Excellent, thanks guys I will try that out.

 

[w33mhz]

Well that seemed to work. Just for reference for anyone here is the script I ran, it changes the password age for all users with a 90 day password.

#!/bin/bash
for i in $(cat /etc/shadow | cut -d ":" -f 1,5)
do
    user=$(echo $i | cut -d ":" -f1)
    pwdage=$(echo $i | cut -d ":" -f2)
    
    if [[ $pwdage = 90 ]; then
            passwd -x 365 $user
    fi
done

Thanks Zeland for the added logic.

 

[w33mhz]

OK, whatever does this make you happy:

#!/bin/bash
for i in $(more /etc/shadow | cut -d ":" -f 1,5)
do
    user=$(echo $i | cut -d ":" -f1)
    pwdage=$(echo $i | cut -d ":" -f2)
    
    if [[ $pwdage = 90 ]; then
            passwd -x 365 $user
    fi
done

There no Useless cat usage

 

[stevexff]

My expiry seems to be somewhere else, as I only have 'x' in field 2 of my passwd file.

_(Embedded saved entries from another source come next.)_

lemma linear_op_br_at:
  assumes "length zs = n" "i < n"
  shows "linear_op (\<lambda>x. br (zs[i := x]))"
proof (rule linear_opI)
  have split: "zs[i := x] = take i zs @ x # drop (Suc i) zs" for x
    using assms by (simp add: upd_conv_take_nth_drop)
  have lin: "br (zs[i := a *s x + y]) = a *s br (zs[i := x]) + br (zs[i := y])" for a x y
    unfolding split using assms by (intro br_multilinear) simp
  show "br (zs[i := x + y]) = br (zs[i := x]) + br (zs[i := y])" for x y
    using lin[of 1 x y] by simp
  show "br (zs[i := c *s x]) = c *s br (zs[i := x])" for c x
    using lin[of c x 0] lin[of 1 0 0] by simp
qed

lemma br_add: "length zs = n \<Longrightarrow> i < n \<Longrightarrow> br (zs[i := x + y]) = br (zs[i := x]) + br (zs[i := y])"
  and br_neg: "length zs = n \<Longrightarrow> i < n \<Longrightarrow> br (zs[i := - x]) = - br (zs[i := x])"
  using endo.linear_add[OF linear_op_br_at] endo.linear_neg[OF linear_op_br_at] by auto

lemma br_zero: "length zs = n \<Longrightarrow> i < n \<Longrightarrow> zs!i = 0 \<Longrightarrow> br zs = 0"
  using endo.linear_0[OF linear_op_br_at, of zs i] by (metis list_update_id)

lemma br_adjacent_swap:
  "length zs = n \<Longrightarrow> Suc i < n \<Longrightarrow> br (zs[i := zs!Suc i, Suc i := zs!i]) = - br zs"
proof -
  assume a: "length zs = n" "Suc i < n"
  define xs where "xs = take i zs"
  define r where "r = drop (Suc (Suc i)) zs"
  have zs: "zs = xs @ zs!i # zs!Suc i # r"
    unfolding xs_def r_def using a by (metis Cons_nth_drop_Suc Suc_lessD append_take_drop_id)
  have "length xs = i" unfolding xs_def using a by simp
  then have "zs[i := zs!Suc i, Suc i := zs!i] = xs @ zs!Suc i # zs!i # r"
    by (subst zs) (simp add: list_update_append)
  moreover have "br (xs @ zs!i # zs!Suc i # r) = - br (xs @ zs!Suc i # zs!i # r)"
    by (rule br_skew) (use a zs in \<open>simp add: xs_def r_def\<close>)
  ultimately show ?thesis using zs by simp
qed

lemma br_swap: "length zs = n \<Longrightarrow> i < n \<Longrightarrow> j < n \<Longrightarrow> i \<noteq> j \<Longrightarrow> br (zs[i := zs!j, j := zs!i]) = - br zs"
  by (rule adjacent_skew_swap[where N=n and G=br, OF br_adjacent_swap double_eq_zero br_add])

lemma split_first_two: "length ys = n \<Longrightarrow> ys = ys!0 # ys!1 # drop 2 ys"
  using n2 by (cases ys; cases "tl ys") auto

lemma br_mem_move_entry:
  assumes S: "\<And>x. x \<in> S \<Longrightarrow> - x \<in> S" and len: "length zs = n" and ip: "i < n" "p < n"
    and moved: "\<And>zs'. length zs' = n \<Longrightarrow> zs'!p = zs!i \<Longrightarrow> br zs' \<in> S"
  shows "br zs \<in> S"
proof (cases "i = p")
  case True then show ?thesis using moved len by blast
next
  case False
  let ?z = "zs[i := zs!p, p := zs!i]"
  have "br ?z \<in> S" using moved[of ?z] len ip by simp
  then show ?thesis using S[of "br ?z"] br_swap[OF len ip False] by simp
qed

lemma br_mem_move_two_entries:
  assumes S: "\<And>x. x \<in> S \<Longrightarrow> - x \<in> S" and len: "length zs = n" and ij: "i < n" "j < n" "i \<noteq> j"
    and pq: "p < n" "q < n" "p \<noteq> q"
    and moved: "\<And>zs'. length zs' = n \<Longrightarrow> zs'!p = zs!i \<Longrightarrow> zs'!q = zs!j \<Longrightarrow> br zs' \<in> S"
  shows "br zs \<in> S"
proof -
  define zs1 where "zs1 = (if i = p then zs else zs[i := zs!p, p := zs!i])"
  define j1 where "j1 = (if i = p then j else if j = p then i else j)"
  have l1: "length zs1 = n" unfolding zs1_def using len by simp
  have b1: "br zs1 = br zs \<or> br zs1 = - br zs"
    unfolding zs1_def using br_swap[OF len ij(1) pq(1)] by auto
  have p1: "zs1!p = zs!i" unfolding zs1_def using len ij pq by auto
  have j1: "j1 \<noteq> p" "j1 < n" "zs1!j1 = zs!j"
    unfolding zs1_def j1_def using len ij pq by (auto simp: nth_list_update)
  define zs2 where "zs2 = (if j1 = q then zs1 else zs1[j1 := zs1!q, q := zs1!j1])"
  have l2: "length zs2 = n" unfolding zs2_def using l1 by simp
  have b2: "br zs2 = br zs1 \<or> br zs2 = - br zs1"
    unfolding zs2_def using br_swap[OF l1 j1(2) pq(2)] by auto
  have "zs2!p = zs!i" "zs2!q = zs!j"
    unfolding zs2_def using l1 j1 pq p1 by (auto simp: nth_list_update)
  then have "br zs2 \<in> S" using moved[OF l2] by blast
  then show ?thesis using b1 b2 S by (metis minus_minus)
qed

abbreviation der :: "nat \<Rightarrow> 'v set" where
  "der k \<equiv> pderived scl n br mul UNIV k"

definition derived_gens :: "nat \<Rightarrow> 'v set" where
  "derived_gens k = {br (a # b # xs) | a b xs. a \<in> der k \<and> b \<in> der k \<and> length xs = n - 2}
     \<union> {mul a b | a b. a \<in> der k \<and> b \<in> der k}"

definition poisson_ideal :: "'v set \<Rightarrow> bool" where
  "poisson_ideal I \<longleftrightarrow>
     (\<forall>zs i. length zs = n \<longrightarrow> i < n \<longrightarrow> zs!i \<in> I \<longrightarrow> br zs \<in> I) \<and> (\<forall>a b. a \<in> I \<longrightarrow> mul a b \<in> I)"

lemma der_Suc: "der (Suc k) = span (derived_gens k)"
  unfolding derived_gens_def by simp

lemma subspace_der: "subspace (der k)"
  by (cases k) (auto simp: der_Suc)

lemma br_update_mem_derived_span:
  assumes ys: "length ys = n" "ys!0 \<in> der k" "ys!1 \<in> der k" and c: "l < 2 \<Longrightarrow> c \<in> der k"
  shows "br (ys[l := c]) \<in> span (derived_gens k)"
proof -
  have gen: "br (a # b # xs) \<in> span (derived_gens k)"
    if "a \<in> der k" "b \<in> der k" "length xs = n - 2" for a b xs
    unfolding derived_gens_def using that
    by (intro span_base UnI1 CollectI exI[of _ a] exI[of _ b] exI[of _ xs]) auto
  have ys_eq: "ys = ys!0 # ys!1 # drop 2 ys" using split_first_two ys(1) by blast
  consider "l = 0" | "l = 1" | l' where "l = Suc (Suc l')" by (metis One_nat_def not0_implies_Suc)
  then show ?thesis
  proof cases
    case 1
    then have "ys[l := c] = c # ys!1 # drop 2 ys" using ys_eq by (metis list_update_code(2))
    then show ?thesis using gen c ys 1 by simp
  next
    case 2
    then have "ys[l := c] = ys!0 # c # drop 2 ys" using ys_eq
      by (metis One_nat_def list_update_code(2) list_update_code(3))
    then show ?thesis using gen c ys 2 by simp
  next
    case 3
    then have "ys[l := c] = ys!0 # ys!1 # (drop 2 ys)[l' := c]"
      using ys_eq by (metis list_update_code(3))
    moreover have "length ((drop 2 ys)[l' := c]) = n - 2" using ys(1) by simp
    ultimately show ?thesis using gen ys by simp
  qed
qed

lemma br_br_mem_derived_span:
  assumes I: "poisson_ideal (der k)"
    and P: "length P = n - 1" and ys: "length ys = n" "ys!0 \<in> der k" "ys!1 \<in> der k"
  shows "br (P @ [br ys]) \<in> span (derived_gens k)"
proof -
  have "br (P @ [br ys]) = (\<Sum>l<n. br (ys[l := br (P @ [ys ! l])]))"
    by (rule fundamental_identity) (use P ys n2 in auto)
  also have "\<dots> \<in> span (derived_gens k)"
  proof (rule subspace_sum[OF subspace_span])
    fix l
    show "br (ys[l := br (P @ [ys ! l])]) \<in> span (derived_gens k)"
    proof (rule br_update_mem_derived_span[OF ys])
      assume "l < 2"
      then have "ys!l \<in> der k" using ys by (cases l) auto
      moreover have "length (P @ [ys!l]) = n" "n - 1 < n" "(P @ [ys!l]) ! (n - 1) = ys!l"
        using P n2 by (auto simp: nth_append)
      ultimately show "br (P @ [ys!l]) \<in> der k" using I unfolding poisson_ideal_def by metis
    qed
  qed
  finally show ?thesis .
qed

lemma br_mem_der_Suc:
  assumes I: "poisson_ideal (der k)" and zs: "length zs = n" "i < n" "zs!i \<in> der (Suc k)"
  shows "br zs \<in> der (Suc k)"
proof -
  let ?S = "span (derived_gens k)"
  have I1: "br zs \<in> der k" if "length zs = n" "i < n" "zs!i \<in> der k" for zs i
    using I that unfolding poisson_ideal_def by blast
  have gen_mul: "mul a b \<in> ?S" if "a \<in> der k" "b \<in> der k" for a b
    using that by (auto intro!: span_base simp: derived_gens_def)
  have "zs!i \<in> span (derived_gens k)" using zs(3) by (simp only: der_Suc)
  then have "(\<lambda>x. br (zs[i := x])) (zs!i) \<in> ?S"
  proof (rule linear_op_span_mem[OF linear_op_br_at[OF zs(1,2)] subspace_span, rotated])
    fix x assume "x \<in> derived_gens k"
    then consider (B) a b xs where "x = br (a # b # xs)" "a \<in> der k" "b \<in> der k" "length xs = n - 2"
      | (M) a b where "x = mul a b" "a \<in> der k" "b \<in> der k" unfolding derived_gens_def by blast
    then show "br (zs[i := x]) \<in> ?S"
    proof cases
      case B
      show ?thesis
      proof (rule br_mem_move_entry[OF span_neg _ zs(2), where p = "n - 1"])
        show "length (zs[i := x]) = n" "n - 1 < n" using zs n2 by auto
        fix zs' assume l: "length zs' = n" and e: "zs' ! (n - 1) = zs[i := x] ! i"
        have "zs' = take (n - 1) zs' @ [x]"
          using take_snoc_nth[of zs' "n - 1"] l e zs n2 by simp
        moreover have "br (take (n - 1) zs' @ [br (a # b # xs)]) \<in> ?S"
          by (rule br_br_mem_derived_span[OF I]) (use l B n2 in auto)
        ultimately show "br zs' \<in> ?S" using B by metis
      qed
    next
      case M
      show ?thesis
      proof (rule br_mem_move_entry[OF span_neg _ zs(2), where p = 0])
        show "length (zs[i := x]) = n" "0 < n" using zs n2 by auto
        fix zs' assume l: "length zs' = n" and e: "zs' ! 0 = zs[i := x] ! i"
        have zz: "zs' = x # tl zs'" using l e zs n2 by (cases zs') auto
        have lt: "length (tl zs') + 1 = n" using l n2 by simp
        have "br (mul a b # tl zs') = mul a (br (b # tl zs')) + mul b (br (a # tl zs'))"
          by (rule leibniz[OF lt])
        moreover have "br (b # tl zs') \<in> der k" "br (a # tl zs') \<in> der k"
          using I1[of "_ # tl zs'" 0] lt M n2 by auto
        ultimately have "br (mul a b # tl zs') \<in> ?S"
          using gen_mul M by (simp add: span_add)
        then show "br zs' \<in> ?S" using zz M by metis
      qed
    qed
  qed
  then show ?thesis by (simp only: der_Suc list_update_id)
qed

lemma mul_mem_der_Suc:
  assumes I: "poisson_ideal (der k)" and a: "a \<in> der (Suc k)"
  shows "mul a c \<in> der (Suc k)"
proof -
  let ?S = "span (derived_gens k)"
  have I1: "br zs \<in> der k" if "length zs = n" "i < n" "zs!i \<in> der k" for zs i
    using I that unfolding poisson_ideal_def by blast
  have I2: "mul a b \<in> der k" if "a \<in> der k" for a b
    using I that unfolding poisson_ideal_def by blast
  have gen_br: "br (a # b # xs) \<in> ?S" if "a \<in> der k" "b \<in> der k" "length xs = n - 2" for a b xs
    using that by (auto intro!: span_base simp: derived_gens_def)
  have gen_mul: "mul a b \<in> ?S" if "a \<in> der k" "b \<in> der k" for a b
    using that by (auto intro!: span_base simp: derived_gens_def)
  have "a \<in> span (derived_gens k)" using a by (simp only: der_Suc)
  then have "(\<lambda>x. mul x c) a \<in> ?S"
  proof (rule linear_op_span_mem[OF linear_op_mul_left subspace_span, rotated])
    fix x assume "x \<in> derived_gens k"
    then consider (B) a b xs where "x = br (a # b # xs)" "a \<in> der k" "b \<in> der k" "length xs = n - 2"
      | (M) a b where "x = mul a b" "a \<in> der k" "b \<in> der k" unfolding derived_gens_def by blast
    then show "mul x c \<in> ?S"
    proof cases
      case B
      have "br (mul c a # b # xs) = mul c (br (a # b # xs)) + mul a (br (c # b # xs))"
        by (rule leibniz) (use B n2 in simp)
      then have "mul x c = br (mul c a # b # xs) - mul a (br (c # b # xs))"
        using B by (simp add: mul_commute[of c] algebra_simps)
      moreover have "br (mul c a # b # xs) \<in> ?S"
        using gen_br I2[of a c] B by (simp add: mul_commute[of c])
      moreover have "mul a (br (c # b # xs)) \<in> ?S"
        using gen_mul[OF B(2) I1[of "c # b # xs" 1]] B n2 by simp
      ultimately show ?thesis by (simp add: span_diff)
    next
      case M
      then show ?thesis using gen_mul I2 mul_assoc[of a b c] by simp
    qed
  qed
  then show ?thesis by (simp only: der_Suc)
qed

lemma poisson_ideal_der: "poisson_ideal (der k)"
proof (induction k)
  case 0 then show ?case by (simp add: poisson_ideal_def)
next
  case (Suc k)
  then show ?case unfolding poisson_ideal_def[of "der (Suc k)"]
    using br_mem_der_Suc mul_mem_der_Suc by blast
qed

lemma br_mem_der: "length zs = n \<Longrightarrow> i < n \<Longrightarrow> zs!i \<in> der k \<Longrightarrow> br zs \<in> der k"
  using poisson_ideal_der unfolding poisson_ideal_def by blast

lemma mul_mem_der_Suc_of_two: "a \<in> der k \<Longrightarrow> b \<in> der k \<Longrightarrow> mul a b \<in> der (Suc k)"
  unfolding der_Suc by (rule span_base) (auto simp: derived_gens_def)

lemma br_mem_der_Suc_of_two:
  assumes "length zs = n" "i < n" "j < n" "i \<noteq> j" "zs!i \<in> der k" "zs!j \<in> der k"
  shows "br zs \<in> der (Suc k)"
proof (rule br_mem_move_two_entries[where p = 0 and q = 1, OF _ assms(1-4)])
  show "x \<in> der (Suc k) \<Longrightarrow> - x \<in> der (Suc k)" for x by (rule subspace_neg[OF subspace_der])
  show "0 < n" "1 < n" "0 \<noteq> (1::nat)" using n2 by auto
  fix zs' assume l: "length zs' = n" and e: "zs'!0 = zs!i" "zs'!1 = zs!j"
  have "br (zs'!0 # zs'!1 # drop 2 zs') \<in> derived_gens k"
    unfolding derived_gens_def using e assms l
    by (intro UnI1 CollectI exI[of _ "zs!i"] exI[of _ "zs!j"] exI[of _ "drop 2 zs'"]) auto
  then show "br zs' \<in> der (Suc k)"
    unfolding der_Suc using split_first_two[OF l] by (metis span_base)
qed


abbreviation ad :: "'v list \<Rightarrow> 'v \<Rightarrow> 'v" where
  "ad X \<equiv> \<lambda>v. br (X @ [v])"

lemma br_swap_first_last:
  assumes l: "length xs = n - 1"
  shows "br (xs @ [w]) = - br (w # tl xs @ [xs!0])"
proof -
  obtain x0 r where xs: "xs = x0 # r" using l n2 by (cases xs) auto
  have lr: "length r = n - 2" using l xs by simp
  let ?z = "xs @ [w]"
  have lz: "length ?z = n" using l n2 by simp
  have "?z[0 := ?z!(n-1), n-1 := ?z!0] = w # r @ [x0]"
  proof -
    have n1: "n - 1 = Suc (length r)" using lr n2 by simp
    show ?thesis unfolding n1 using xs by (simp add: nth_append list_update_append)
  qed
  moreover have "br (?z[0 := ?z!(n-1), n-1 := ?z!0]) = - br ?z"
    by (rule br_swap) (use lz n2 in auto)
  ultimately show ?thesis using xs by simp
qed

But here is a perl solution that doesn't have to shell out to more/cut/echo all the time. Uncomment the 'system' line when you are sure it's printing the right results...

#!/usr/bin/perl

use strict;
use warnings;

open(PASSWD, "/etc/passwd") or die "Can't open /etc/passwd $!";

while (<PASSWD>) {
   my ($user, $expiry) = (split ':')[0,1];
   print "passwd -x 365 $user\n") if $expiry == 90;
#  system("passwd -x 365 $user") if $expiry == 90;
}

close(PASSWD);

Steve

[small]"Every program can be reduced by one instruction, and every program has at least one bug. Therefore, any program can be reduced to one instruction which doesn't work." (Object:erlDesignPatterns)[/small]